Dari diri mereka, dari sebuah penelitian, ditemukan sebuah sukubangsa bernama Lapitan di kawasan tengah Papua dan Maluku, yang memiliki kebudayaan bercocok tanam maju dan teknologi pelayaran yang mampu membawa mereka ribuan mil ke Timur dan Barat. Ke pulau Fiji, Paskah, Selandia Baru hingga Hawaii dan boleh jadi menyeberang ke Amerika menjadi manusia pertama di benua merah itu. Jauh hari sebelum utusan Shih Huang Di apalagi “anak kemarin sore”, Christipher Columbus.

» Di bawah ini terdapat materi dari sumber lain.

lemma select_gate:
  assumes "1 \<le> N"
  shows "unitary_on (basis_set N M) (select_gate N M)"
    and "w < M \<Longrightarrow> apply_op (basis_set N M) (select_gate N M) (ket (0, False, w))
                    = ket (top_index N (config_of N w), False, w)"
proof -
  let ?A = "{(0, False, w) | w. w < M}"
    and ?g = "\<lambda>(i, b, w). (top_index N (config_of N w), False, w)"
  have "?A \<subseteq> basis_set N M" "inj_on ?g ?A" "?g ` ?A \<subseteq> basis_set N M"
    using assms top_index_less by (auto simp: inj_on_def)
  note gate = relabel_gate[OF finite_basis_set this, folded select_gate_def]
  show "unitary_on (basis_set N M) (select_gate N M)"
    by (rule gate(1))
  show "w < M \<Longrightarrow> apply_op (basis_set N M) (select_gate N M) (ket (0, False, w))
                    = ket (top_index N (config_of N w), False, w)"
    using gate(2) by auto
qed

definition round_gates :: "nat \<Rightarrow> nat \<Rightarrow> step list" where
  "round_gates N M = [Gate (hadamard (basis_set N M)), Gate (spread_gate N M)] @ phase_oracle N M @
     [Gate (gather_gate N M), Gate (hadamard (basis_set N M)), Gate (record_gate N M)]"

lemma run_round_gates:
  assumes "2 \<le> N" "2 * w + 1 < M" "queried_pair N w = (p, q)"
  shows "run N M X (round_gates N M) (ket (0, False, w))
       = scale_state (bit_sign (X p)) (ket (0, False, 2 * w + of_bool (X p \<noteq> X q)))"
proof -
  have w: "w < M" and "p < N" "q < N"
    using assms queried_pair_distinct(2,3)[OF assms(1), of w] by auto
  then have "run N M X ([Gate (hadamard (basis_set N M)), Gate (spread_gate N M)] @ phase_oracle N M @
                    [Gate (gather_gate N M), Gate (hadamard (basis_set N M))]) (ket (0, False, w))
       = scale_state (bit_sign (X p)) (ket (0, X p \<noteq> X q, w))"
    using assms spread_gate(2,3)[OF assms(1) w] gather_gate(2,3)[OF assms(1) w] by (intro parity_round) auto
  then show ?thesis
    using assms record_gate(2)[where b = "X p \<noteq> X q" and N = N and M = M]
    by (simp add: round_gates_def run_append run_scale_state apply_op_scale_state)
qed

lemma run_rounds:
  assumes "2 \<le> N \<or> T = 0" "t \<le> T"
  shows "\<exists>c. cmod c = 1 \<and> run N (2 ^ Suc T) X (concat (replicate t (round_gates N (2 ^ Suc T)))) (ket (0, False, 1))
                          = scale_state c (ket (0, False, history N X t))"
  using assms(2)
proof (induction t)
  case 0
  then show ?case
    by (intro exI [of _ 1]) simp
next
  case (Suc t)
  then obtain c where c: "cmod c = 1"
    and run_t: "run N (2 ^ Suc T) X (concat (replicate t (round_gates N (2 ^ Suc T)))) (ket (0, False, 1))
                = scale_state c (ket (0, False, history N X t))"
    by auto
  obtain p q where pq: "queried_pair N (history N X t) = (p, q)"
    by fastforce
  have "history N X t < 2 ^ Suc t"
    using history_bounds by blast
  moreover have "(2::nat) ^ Suc t \<le> 2 ^ T"
    using Suc.prems by (intro power_increasing) auto
  ultimately have bound: "2 * history N X t + 1 < 2 ^ Suc T"
    by simp
  have two_le: "2 \<le> N"
    using assms(1) Suc.prems by auto
  have replicate_Suc: "concat (replicate (Suc t) gs) = concat (replicate t gs) @ gs" for gs :: "step list"
    by (simp add: replicate_append_same [symmetric])
  have "run N (2 ^ Suc T) X (concat (replicate (Suc t) (round_gates N (2 ^ Suc T)))) (ket (0, False, 1))
      = scale_state c (run N (2 ^ Suc T) X (round_gates N (2 ^ Suc T)) (ket (0, False, history N X t)))"
    by (simp only: replicate_Suc run_append run_t run_scale_state)
  also have "\<dots> = scale_state (c * bit_sign (X p)) (ket (0, False, history N X (Suc t)))"
    using run_round_gates[OF two_le bound pq] pq by (simp add: scale_state_def mult.assoc)
  finally have "run N (2 ^ Suc T) X (concat (replicate (Suc t) (round_gates N (2 ^ Suc T)))) (ket (0, False, 1))
      = scale_state (c * bit_sign (X p)) (ket (0, False, history N X (Suc t)))" .
  moreover have "cmod (c * bit_sign (X p)) = 1"
    using c by (simp add: bit_sign_def norm_mult)
  ultimately show ?case
    by blast
qed

definition workspace_size :: "nat \<Rightarrow> nat" where
  "workspace_size N = 2 ^ Suc (rounds N)"

definition majority_network :: "nat \<Rightarrow> step list" where
  "majority_network N = concat (replicate (rounds N) (round_gates N (workspace_size N))) @
     [Gate (select_gate N (workspace_size N)), Query]"

text \<open>If no block survives, the input is a tie, whose majority value is 1.\<close>

definition majority_output :: "nat \<Rightarrow> bstate \<Rightarrow> bool" where
  "majority_output N = (\<lambda>(i, b, z). b \<or> active N (config_of N z) = {})"

lemma two_le_or_rounds_eq_0: "1 \<le> N \<Longrightarrow> 2 \<le> N \<or> rounds N = 0"
  using binweight_rec[of 1] by (cases "N = 1") (auto simp: rounds_def)

lemma cost_majority_network: "cost (majority_network N) = Suc (rounds N)"
proof -
  have "length (filter P (concat (replicate t gs))) = t * length (filter P gs)" for P t and gs :: "step list"
    by (induction t) auto
  then show ?thesis
    by (simp add: cost_def majority_network_def round_gates_def phase_oracle_def)
qed

lemma network_ok_majority_network:
  assumes "1 \<le> N"
  shows "network_ok N (workspace_size N) (0, False, 1) (majority_network N)"
  unfolding network_ok_def
proof (intro conjI allI impI)
  show "(0, False, 1) \<in> basis_set N (workspace_size N)"
    using assms one_less_power[of "2::nat" "Suc (rounds N)"] by (simp add: workspace_size_def)
next
  fix U
  assume U: "Gate U \<in> set (majority_network N)"
  show "unitary_on (basis_set N (workspace_size N)) U"
  proof (cases "Gate U \<in> set (round_gates N (workspace_size N)) \<and> 0 < rounds N")
    case True
    then have "2 \<le> N"
      using two_le_or_rounds_eq_0[OF assms] by auto
    then show ?thesis
      using True unitary_hadamard spread_gate(1) gather_gate(1) record_gate(1)[OF assms]
        unitary_pauli_z[OF finite_basis_set]
      by (auto simp: round_gates_def phase_oracle_def)
  next
    case False
    then have "U = select_gate N (workspace_size N)"
      using U by (auto simp: majority_network_def)
    then show ?thesis
      using select_gate(1)[OF assms] by simp
  qed
qed

lemma out_prob_eq_1:
  assumes "run N M X gs (ket s0) = scale_state c (ket s)" "cmod c = 1" "s \<in> basis_set N M" "out s = r"
  shows "out_prob N M s0 gs out X r = 1"
proof -
  have "(cmod (run N M X gs (ket s0) x))\<^sup>2 = (if x = s then 1 else 0)" for x
    using assms(1,2) by (simp add: scale_state_def ket_def)
  then show ?thesis
    using assms(3,4) by (simp add: out_prob_def sum.delta')
qed

lemma computes_exactly_majority_network:
  assumes "1 \<le> N"
  shows "computes_exactly N (workspace_size N) (0, False, 1) (majority_network N) (majority_output N) (majority N)"
  unfolding computes_exactly_def
proof
  fix X
  let ?M = "workspace_size N" and ?w = "history N X (rounds N)"
  let ?r = "top_index N (config_of N ?w)"
  obtain c where c: "cmod c = 1"
    and after_rounds: "run N ?M X (concat (replicate (rounds N) (round_gates N ?M))) (ket (0, False, 1))
                 = scale_state c (ket (0, False, ?w))"
    using run_rounds[OF two_le_or_rounds_eq_0[OF assms] order_refl] unfolding workspace_size_def by blast
  have w: "?w < ?M" and r: "?r < N"
    using history_bounds[of N X "rounds N"] top_index_less assms by (auto simp: workspace_size_def)
  have "run N ?M X (majority_network N) (ket (0, False, 1)) = scale_state c (ket (?r, X ?r, ?w))"
    using select_gate(2)[OF assms w] w r
    unfolding majority_network_def run_append after_rounds
    by (simp add: run_scale_state apply_op_scale_state query_op_ket)
  moreover have "majority_output N (?r, X ?r, ?w) = majority N X"
    using majority_from_final_config[OF no_mergeable_pair_after_rounds signed_mass_round_config]
    by (simp add: majority_output_def)
  ultimately show "out_prob N ?M (0, False, 1) (majority_network N) (majority_output N) X (majority N X) = 1"
    using c w r by (intro out_prob_eq_1) auto
qed

theorem mainTheorem3:
  fixes N :: nat
  assumes "N \<ge> 1"
  shows "\<exists>M s0 gs out. network_ok N M s0 gs \<and>
           computes_exactly N M s0 gs out (majority N) \<and>
           cost gs \<le> N + 1 - binweight N"
proof (intro exI conjI)
  show "network_ok N (workspace_size N) (0, False, 1) (majority_network N)"
    using assms by (rule network_ok_majority_network)
  show "computes_exactly N (workspace_size N) (0, False, 1) (majority_network N) (majority_output N) (majority N)"
    using assms by (rule computes_exactly_majority_network)
  show "cost (majority_network N) \<le> N + 1 - binweight N"
    using binweight_le[of N] by (simp add: cost_majority_network rounds_def)
qed

end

Saya tak memerlukan Arysio Santos –yang kontroversial itu-- untuk mengatakan penduduk Indian berkulit merah berasal dari bangsa ethiopea alias bangsa “yang terbakar kulitnya”, yang dirujuk berbagai peneliti sebagai bangsa yang berdiam di nusantara. Saya juga tak memerlukan ahli fisiki nuklir Brasil itu untuk menemukan bangsa Zanj, nenek moyang bangsa Zanzibar, Tanzania dll, sebagai pendatang di Afrika Timur yang kerjanya menjarah, merampok, merampok, dan ternyata berasal dari kawasan ini juga.

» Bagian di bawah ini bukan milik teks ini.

lemma time_splitting_local_error:
  assumes sol: "NLDE_solution m \<alpha> \<beta> T uh vh"
    and bdd: "bdd_above ((\<lambda>p. cmod (uh (fst p) (snd p)) + cmod (vh (fst p) (snd p)) + 1) ` (UNIV \<times> {0..T}))"
    and split: "time_splitting_solution m \<alpha> \<beta> \<tau> u0 v0 ut vt"
    and "(real n + 1) * \<tau> \<le> T" "0 \<le> s" "s < \<tau>"
  defines "L \<equiv> \<bar>m\<bar> + \<bar>\<alpha>\<bar> + 4 * \<bar>\<beta>\<bar>" and "M \<equiv> nlde_M0 T uh vh" and "t \<equiv> real n * \<tau>"
  shows "(cmod (uh (x + s) (t + s) - ut (x + s) (t + s)))\<^sup>2 + (cmod (vh (y - s) (t + s) - vt (y - s) (t + s)))\<^sup>2
    \<le> exp (2 * \<tau>) * ((cmod (uh x t - ut x t))\<^sup>2 + (cmod (vh y t - vt y t))\<^sup>2 + 2 * L\<^sup>2 * M ^ 6 * \<tau>)"
proof -
  have "0 \<le> t" "t + s \<le> T" "t \<le> T"
    using assms(4-6) unfolding t_def by (auto simp: algebra_simps)
  have "1 \<le> M"
    using nlde_M0_upper[OF bdd \<open>0 \<le> t\<close> \<open>t \<le> T\<close>, of x] norm_ge_zero[of "uh x t"] norm_ge_zero[of "vh x t"]
    unfolding M_def by linarith
  then have K: "0 \<le> L * M ^ 3"
    unfolding L_def by simp
  note exact = NLDE_solution_along_characteristics[OF sol bdd \<open>0 \<le> t\<close> \<open>0 \<le> s\<close> \<open>t + s \<le> T\<close>,
      folded L_def M_def]
  have "(cmod (uh (x + s) (t + s) - ut (x + s) (t + s)))\<^sup>2
      \<le> exp (2 * \<tau>) * ((cmod (uh x t - ut x t))\<^sup>2 + \<tau> * (L * M ^ 3)\<^sup>2)"
    using norm_diff_power2_le_exp[OF exact(1)[of x, unfolded mult.commute[of _ s]] _ _ K, of \<tau> "ut x t"]
      time_splitting_transport(1)[OF split \<open>0 \<le> s\<close> \<open>s < \<tau>\<close>] \<open>0 \<le> s\<close> \<open>s < \<tau>\<close>
    unfolding t_def by simp
  moreover have "(cmod (vh (y - s) (t + s) - vt (y - s) (t + s)))\<^sup>2
      \<le> exp (2 * \<tau>) * ((cmod (vh y t - vt y t))\<^sup>2 + \<tau> * (L * M ^ 3)\<^sup>2)"
    using norm_diff_power2_le_exp[OF exact(2)[of y, unfolded mult.commute[of _ s]] _ _ K, of \<tau> "vt y t"]
      time_splitting_transport(2)[OF split \<open>0 \<le> s\<close> \<open>s < \<tau>\<close>] \<open>0 \<le> s\<close> \<open>s < \<tau>\<close>
    unfolding t_def by simp
  moreover have "\<tau> * (L * M ^ 3)\<^sup>2 = L\<^sup>2 * M ^ 6 * \<tau>"
    by (simp add: power_mult_distrib flip: power_mult)
  ultimately show ?thesis
    by (simp add: algebra_simps)
qed

theorem lemma4p1:
  fixes m \<alpha> \<beta> :: real
  assumes "m \<ge> 0"
  shows "\<exists>C0 > 0. \<forall>T uh vh \<tau> u0 v0 ut vt (j::int) (n::nat) s.
     T > 0 \<longrightarrow> NLDE_solution m \<alpha> \<beta> T uh vh \<longrightarrow>
     bdd_above ((\<lambda>p. cmod (uh (fst p) (snd p)) + cmod (vh (fst p) (snd p)) + 1) ` (UNIV \<times> {0..T})) \<longrightarrow>
     \<tau> > 0 \<longrightarrow>
     (\<lambda>k. (cmod (u0 k))\<^sup>2 + (cmod (v0 k))\<^sup>2) summable_on UNIV \<longrightarrow>
     time_splitting_solution m \<alpha> \<beta> \<tau> u0 v0 ut vt \<longrightarrow>
     (real n + 1) * \<tau> \<le> T \<longrightarrow> 0 \<le> s \<longrightarrow> s < \<tau> \<longrightarrow>
     (cmod (uh (real_of_int j * \<tau> + s) (real n * \<tau> + s) - ut (real_of_int j * \<tau> + s) (real n * \<tau> + s)))\<^sup>2
     + (cmod (vh ((real_of_int j + 2) * \<tau> - s) (real n * \<tau> + s) - vt ((real_of_int j + 2) * \<tau> - s) (real n * \<tau> + s)))\<^sup>2
     \<le> exp (2 * \<tau>) * ((cmod (uh (real_of_int j * \<tau>) (real n * \<tau>) - ut (real_of_int j * \<tau>) (real n * \<tau>)))\<^sup>2
        + (cmod (vh ((real_of_int j + 2) * \<tau>) (real n * \<tau>) - vt ((real_of_int j + 2) * \<tau>) (real n * \<tau>)))\<^sup>2
        + C0 * (nlde_M0 T uh vh) ^ 6 * \<tau>)"
proof -
  define L where "L = \<bar>m\<bar> + \<bar>\<alpha>\<bar> + 4 * \<bar>\<beta>\<bar>"
  show ?thesis
  proof (intro exI[of _ "2 * L\<^sup>2 + 1"] conjI allI impI)
    show "0 < 2 * L\<^sup>2 + 1"
      by (simp add: add_nonneg_pos)
    fix T uh vh \<tau> u0 v0 ut vt and j :: int and n :: nat and s
    assume "NLDE_solution m \<alpha> \<beta> T uh vh"
      and "bdd_above ((\<lambda>p. cmod (uh (fst p) (snd p)) + cmod (vh (fst p) (snd p)) + 1) ` (UNIV \<times> {0..T}))"
      and "time_splitting_solution m \<alpha> \<beta> \<tau> u0 v0 ut vt"
      and "(real n + 1) * \<tau> \<le> T" "0 \<le> s" "s < \<tau>"
    note error = time_splitting_local_error[OF this, of "real_of_int j * \<tau>" "(real_of_int j + 2) * \<tau>",
        folded L_def]
    have "2 * L\<^sup>2 * nlde_M0 T uh vh ^ 6 * \<tau> \<le> (2 * L\<^sup>2 + 1) * nlde_M0 T uh vh ^ 6 * \<tau>"
      using \<open>0 \<le> s\<close> \<open>s < \<tau>\<close> by (intro mult_right_mono) (auto simp: zero_le_even_power)
    then show "(cmod (uh (real_of_int j * \<tau> + s) (real n * \<tau> + s) - ut (real_of_int j * \<tau> + s) (real n * \<tau> + s)))\<^sup>2
     + (cmod (vh ((real_of_int j + 2) * \<tau> - s) (real n * \<tau> + s) - vt ((real_of_int j + 2) * \<tau> - s) (real n * \<tau> + s)))\<^sup>2
     \<le> exp (2 * \<tau>) * ((cmod (uh (real_of_int j * \<tau>) (real n * \<tau>) - ut (real_of_int j * \<tau>) (real n * \<tau>)))\<^sup>2
        + (cmod (vh ((real_of_int j + 2) * \<tau>) (real n * \<tau>) - vt ((real_of_int j + 2) * \<tau>) (real n * \<tau>)))\<^sup>2
        + (2 * L\<^sup>2 + 1) * (nlde_M0 T uh vh) ^ 6 * \<tau>)"
      using error by (smt (verit) exp_gt_zero mult_left_mono)
  qed
qed

end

Begitu luar biasa sebenarnya catatan-catatan yang masih terpisah itu. Begitu lamanya negeri ini diselimuti kabut kebenaran dan jati dirinya sendiri. Begitu lama kita disilaukan oleh paradigma dan lensa atau kacamata para ahli asing. Saatnya tiba kita menemukan diri sendiri, menyimpulkan sendiri, menetapkan sikap, waktu, ruang dan masa depan kita sendiri. Menetapkan cara kita sendiri, untuk mencapainya.

Avatar Indonesia
Sebenarnya ingin saya mengidentifikasi agak lebih rinci, apa yang disebut bangsa nusantara itu. Siapa bangsa yang menyebut dirinya Indonesia itu. Siapa bangsa yang oleh seorang ahli sejarah bahasa Prancis disebut sebagai pemilik sah “bahasa Indonesia”, bukan “bahasa Melayu” atau bahasa “Austro-Melanesia”. Sebutan-sebutan yang menurutnya keliru secara teoritik dan historis.

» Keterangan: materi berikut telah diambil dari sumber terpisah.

definition aff_comp :: "('n::finite) aff \<Rightarrow> 'n aff \<Rightarrow> 'n aff" where
  "aff_comp g h = (fst g ** fst h, fst g *v snd h + snd g)"

definition aff_id :: "('n::finite) aff" where
  "aff_id = (mat 1, 0)"

definition aff_inv :: "('n::finite) aff \<Rightarrow> 'n aff" where
  "aff_inv g = (matrix_inv (fst g), - (matrix_inv (fst g) *v snd g))"

definition Iso :: "real^('n::finite)^'n \<Rightarrow> 'n aff set" where
  "Iso G = {g. \<forall>x y. bform G (fst g *v x) (fst g *v y) = bform G x y}"

definition is_subgroup_Iso :: "real^('n::finite)^'n \<Rightarrow> 'n aff set \<Rightarrow> bool" where
  "is_subgroup_Iso G \<Gamma> \<longleftrightarrow> \<Gamma> \<subseteq> Iso G \<and> aff_id \<in> \<Gamma> \<and>
     (\<forall>g\<in>\<Gamma>. \<forall>h\<in>\<Gamma>. aff_comp g h \<in> \<Gamma>) \<and> (\<forall>g\<in>\<Gamma>. aff_inv g \<in> \<Gamma>)"

definition centralizer_Iso :: "real^('n::finite)^'n \<Rightarrow> 'n aff set \<Rightarrow> 'n aff set" where
  "centralizer_Iso G \<Gamma> = {g \<in> Iso G. \<forall>h\<in>\<Gamma>. aff_comp g h = aff_comp h g}"

definition has_open_orbit :: "('n::finite) aff set \<Rightarrow> bool" where
  "has_open_orbit H \<longleftrightarrow> (\<exists>x. open ((\<lambda>g. aff_apply g x) ` H))"

definition group_center :: "('n::finite) aff set \<Rightarrow> 'n aff set" where
  "group_center \<Gamma> = {g \<in> \<Gamma>. \<forall>h\<in>\<Gamma>. aff_comp g h = aff_comp h g}"

text \<open>For \<gamma> = (I + A, v), A = M - I.\<close>

definition linA :: "('n::finite) aff \<Rightarrow> real^'n^'n" where
  "linA g = fst g - mat 1"

text \<open>U_\<Lambda> = sum over \<gamma> \<in> \<Lambda> of im A.\<close>

definition U_of :: "('n::finite) aff set \<Rightarrow> (real^'n) set" where
  "U_of \<Lambda> = span (\<Union>g\<in>\<Lambda>. range (\<lambda>x. linA g *v x))"

definition orth :: "real^('n::finite)^'n \<Rightarrow> (real^'n) set \<Rightarrow> (real^'n) set" where
  "orth G U = {x. \<forall>u\<in>U. bform G x u = 0}"

end

theory Submission
  imports Defs
begin

text \<open>
  Fix \<open>x\<^sub>0\<close> whose orbit under the centralizer \<open>Z\<close> of \<open>\<Gamma>\<close> is open.  For
  \<open>g, h \<in> \<Gamma>\<close> the quantity \<open>\<langle>g y - y, h y - y\<rangle>\<close> is constant along this orbit, because an
  isometry commuting with \<open>g\<close> and \<open>h\<close> transports displacements.  Restricting it to short
  lines \<open>x\<^sub>0 + t u\<close> inside the orbit gives a polynomial \<open>t b + t\<^sup>2 a\<close> vanishing near 0, so
  both coefficients vanish.  Polarizing these identities and using nondegeneracy yields
  Wolf's structure facts: \<open>A\<^sub>g\<close> is skew, \<open>A\<^sub>g A\<^sub>h = - A\<^sub>h A\<^sub>g\<close>, \<open>A\<^sub>g\<^sup>2 = 0\<close>, \<open>A\<^sub>g v\<^sub>g = 0\<close>,
  \<open>A\<^sub>g v\<^sub>h = - A\<^sub>h v\<^sub>g\<close> and \<open>A\<^sub>g A\<^sub>h A\<^sub>k = 0\<close>.  From these, the commutator \<open>[g,h]\<close> has linear
  part \<open>I + 2 A\<^sub>g A\<^sub>h\<close> and translation \<open>2 A\<^sub>g v\<^sub>h\<close>, and it is central in \<open>\<Gamma>\<close>.
  Finally, for \<open>x \<perp> U\<^sub>\<Delta>\<close>: \<open>A\<^sub>g x \<in> U\<^sub>\<Gamma>\<close> trivially, and
  \<open>\<langle>A\<^sub>g x, A\<^sub>h w\<rangle> = - \<langle>x, A\<^sub>g A\<^sub>h w\<rangle> = 0\<close> since \<open>2 A\<^sub>g A\<^sub>h w\<close> lies in \<open>U\<^sub>\<Delta>\<close>.
\<close>

lemma bform_add_left [simp]: "bform G (x + y) z = bform G x z + bform G y z"
  by (simp add: bform_def inner_add_left)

Tapi kertas ini akan jadi terlalu panjang, dan waktu akan saya serakahi. Saya hanya akan menyebutkan betapa bangsa ini sebenarnya sudah pernah menghasilkan satu bentuk peradaban yang sangat kuat di kawasan yang lebih tua dari Mediterrania ini. Bukan hanya adat-istiadat atau etnik-etnik yang tersebar ratusan. Namun sebuah adab yang mempersatukan merek; peradaban yang membuat mereka bertahan, hidup dan berkembang hingga hari ini. Hingga menjadi Indonesia, dan menciptakan banyak keheranan karena kemampuan persatuannya yang luar biasa, betapapun upaya-upaya untuk memecahnya berkali-kali dilakukan terhadapnya.
Saya hendak mengatakan: peradaban nusantara itu ada dan diwariskan kepada kita. Peradaban yang tidak pernah mati, beku, kolot, atau menelikung. Namun selalu bergerak, progresif, memuai, elastis, dan tak berhenti membentuk dirinya sendiri. Maka yang dibutuhkan untuk itu, wahai manusia Indonesia modern, bila tidak dapat kita “menjadi” diri kita yang historis dan kultural itu, jadilah kita semacam android yang menggabungkannya. Menggabungkan dengan peri kehidupan “modern”, “hi-tech”, “posmo”, “poskolonial”, “pospolisi”  –terserah apapun Anda menyebutnya—dan menjadi avatar sebagaimana yang dimengerti oleh James Cameron, setidaknya.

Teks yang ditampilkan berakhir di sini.